Large-time behavior of reaction–diffusion-type equations
Since my PhD studies under the supervision of Klemens Fellner, I have investigated the large-time behavior of various classes of reaction–diffusion equations, which arise in the modeling of semiconductors.
By using an appropriate entropy functional and by deriving an inequality between the entropy and the entropy production functional, exponential convergence to equilibrium can be proven.
One of the investigated models considers a two-level system for electrons and holes with an intermediate level for immobile electrons in so-called trapped states. These additional electron states inside
the bandgap of the semiconductor are due to impurities within the crystal of the semiconductor and typically facilitate the excitation of an electron from the valence band to the conduction band.
Another model takes into account that electrons and holes are electrically charged and, therefore, influencing their motion in a self-consistent manner. This additional coupling is described by Poisson's
equation for the electrostatic potential leading to an additional drift term for electrons and holes. Furthermore, exponential equilibration for the self-consistent version of the trapped states model has been shown.
Past Projects
Regularity of random elliptic operators with degenerate coefficients
During my time at TU Dortmund University, I studied regularity properties of degenerate random elliptic operators together with Peter Bella. A central quantity in this context is the minimal radius, which corresponds to the minimal scale at which a certain large-scale regularity holds for functions in the kernel of the degenerate random elliptic operator. The size of the minimal radius can be estimated in terms of stretched exponential moments, which was achieved by Gloria, Neukamm, and Otto in the uniformly elliptic case.
Generalizing the above approach, we were able to derive a stretched exponental moment bound on the minimal radius in the degenerate elliptic situation. Moreover, we deduced corresponding estimates on the corrector and a quantitative two-scale expansion for degenerate random elliptic operators.
Variance reduction for effective energies of random atomic lattices
At IST Austria, I have been working with Julian Fischer on a variance reduction technique for effective energies of random atomic lattices. A frequently employed approach for calculating material properties of
random alloys is the method of special quasirandom structures, which aims at constructing a periodic lattice with finite periodicity cell—the representative volume—which resembles the original
lattice as closely as possible concerning certain statistics. The desired material properties are then calculated by solving the Thomas–Fermi–von Weizsäcker (TFW) equations for the
electron density and by subsequently evaluating the TFW energy functional on the representative volume.
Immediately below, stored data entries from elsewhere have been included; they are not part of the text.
lemma line_graph_edgesE:
  assumes "F \<in> line_graph_edges E"
  obtains e f where "F = {e, f}" and "e \<in> E" and "f \<in> E" and "e \<noteq> f" and "e \<inter> f \<noteq> {}"
  using assms unfolding line_graph_edges_def by blast

lemma simple_graph_line_graph:
  assumes "simple_graph V E"
  shows "simple_graph E (line_graph_edges E)"
  using simple_graph_finite_edges[OF assms]
  unfolding simple_graph_def line_graph_edges_def by blast

lemma degree_line_graph:
  assumes G: "simple_graph V E" and uv: "{u, v} \<in> E" and "u \<noteq> v"
  shows "degree (line_graph_edges E) {u, v} + 2 = degree E u + degree E v"
proof -
  define e where "e = {u, v}"
  define S where "S = {f \<in> E. f \<noteq> e \<and> e \<inter> f \<noteq> {}}"
  define Su where "Su = {f \<in> E. u \<in> f}"
  define Sv where "Sv = {f \<in> E. v \<in> f}"
  have "e \<in> E"
    using uv by (simp add: e_def)
  have fin: "finite Su" "finite Sv" "finite S"
    using simple_graph_finite_edges[OF G] unfolding Su_def Sv_def S_def by simp_all
  have "{F \<in> line_graph_edges E. e \<in> F} = (\<lambda>f. {e, f}) ` S"
  proof
    show "(\<lambda>f. {e, f}) ` S \<subseteq> {F \<in> line_graph_edges E. e \<in> F}"
      using \<open>e \<in> E\<close> unfolding line_graph_edges_def S_def by blast
    show "{F \<in> line_graph_edges E. e \<in> F} \<subseteq> (\<lambda>f. {e, f}) ` S"
      unfolding line_graph_edges_def S_def by (auto simp: Int_commute)
  qed
  moreover have "inj_on (\<lambda>f. {e, f}) S"
    unfolding S_def inj_on_def doubleton_eq_iff by blast
  ultimately have "degree (line_graph_edges E) e = card S"
    unfolding degree_def by (simp add: card_image)
  moreover have "Su \<union> Sv = insert e S"
    using \<open>e \<in> E\<close> unfolding S_def Su_def Sv_def e_def by blast
  moreover have "Su \<inter> Sv = {e}"
    using \<open>e \<in> E\<close> simple_graph_edge_eq[OF G _ _ _ \<open>u \<noteq> v\<close>]
    unfolding Su_def Sv_def e_def by blast
  moreover have "e \<notin> S"
    unfolding S_def by simp
  ultimately show ?thesis
    using card_Un_Int[OF fin(1,2)] fin(3)
    unfolding degree_def Su_def[symmetric] Sv_def[symmetric] e_def[symmetric] by simp
qed

lemma component_subset_isolated_edge:
  assumes "{u, v} \<in> E" and isolated: "\<forall>f\<in>E. f \<noteq> {u, v} \<longrightarrow> f \<inter> {u, v} = {}"
  shows "component E u \<subseteq> {u, v}"
proof
  fix y
  assume "y \<in> component E u"
  then have "(adjacent E)\<^sup>*\<^sup>* u y"
    by (simp add: component_def)
  then show "y \<in> {u, v}"
  proof (induction rule: rtranclp_induct)
    case (step y z)
    have "{y, z} \<in> E" "{y, z} \<inter> {u, v} \<noteq> {}"
      using step unfolding adjacent_def by auto
    then have "{y, z} = {u, v}"
      using isolated by metis
    then show ?case
      by blast
  qed simp
qed

lemma nontrivial_edge_meets_edge:
  assumes G: "simple_graph V E" and "nontrivial V E" and "e \<in> E"
  obtains f where "f \<in> E" and "f \<noteq> e" and "e \<inter> f \<noteq> {}"
proof (rule ccontr)
  assume "\<not> thesis"
  then have isolated: "\<forall>f\<in>E. f \<noteq> e \<longrightarrow> f \<inter> e = {}"
    using that by blast
  obtain u v where e: "e = {u, v}" "u \<in> V"
    using G \<open>e \<in> E\<close> by (elim simple_graph_edgeE)
  have "card (comp_edges E (component E u)) \<ge> 2"
    using \<open>nontrivial V E\<close> e unfolding nontrivial_def components_def by blast
  then obtain f where f: "f \<in> comp_edges E (component E u)" "f \<noteq> e"
    using card_mono[of "{e}" "comp_edges E (component E u)"] by force
  have "f \<subseteq> {u, v}"
    using f(1) component_subset_isolated_edge[of u v E] isolated \<open>e \<in> E\<close> e
    unfolding comp_edges_def by blast
  moreover obtain a b where "f = {a, b}" "a \<noteq> b"
    using G f(1) unfolding comp_edges_def by (blast elim: simple_graph_edgeE)
  ultimately have "f = e"
    using e by auto
  with f(2) show False ..
qed

lemma Union_line_graph_edges:
  assumes "simple_graph V E" and "nontrivial V E"
  shows "\<Union>(line_graph_edges E) = E"
proof
  show "\<Union>(line_graph_edges E) \<subseteq> E"
    by (auto elim: line_graph_edgesE)
  show "E \<subseteq> \<Union>(line_graph_edges E)"
  proof
    fix e
    assume "e \<in> E"
    then obtain f where "f \<in> E" "f \<noteq> e" "e \<inter> f \<noteq> {}"
      using assms by (elim nontrivial_edge_meets_edge)
    with \<open>e \<in> E\<close> show "e \<in> \<Union>(line_graph_edges E)"
      using line_graph_edgesI by blast
  qed
qed

subsection \<open>Graphs in which all neighbours of a vertex have the same degree\<close>

definition neighbours_equal_degree :: "'a set set \<Rightarrow> bool" where
  "neighbours_equal_degree E \<longleftrightarrow>
    (\<forall>w u v. {w, u} \<in> E \<longrightarrow> {w, v} \<in> E \<longrightarrow> degree E u = degree E v)"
In our work, we proved that this strategy indeed leads to a variance reduction of the TFW energy as compared to calculating the electron density and the TFW energy on a randomly chosen finite volume. We thereby derived the first rigorous variance reduction result related to an application of this selection approach to a nonlinear PDE model.
Material design for photovoltaics within Kohn–Sham DFT
Together with Gero Friesecke, I also investigated a novel optimal control problem in the context of density functional theory (DFT) with possible applications to photovoltaics. Given a nuclear charge
distribution as our control, one can calculate—by solving the Kohn–Sham equations—the separation of the generated electron–hole pair after the system has been excited by
absorbing a photon. Finding the optimal control then corresponds to designing a material, which gives rise to a maximal separation of positive and negative charge after a light-induced excitation.
We proved the existence of an optimal nuclear charge density in a 3D setting, and we observed a significant transfer of charge in a 1D numerical experiment when the system is excited from the ground state to the first excited state.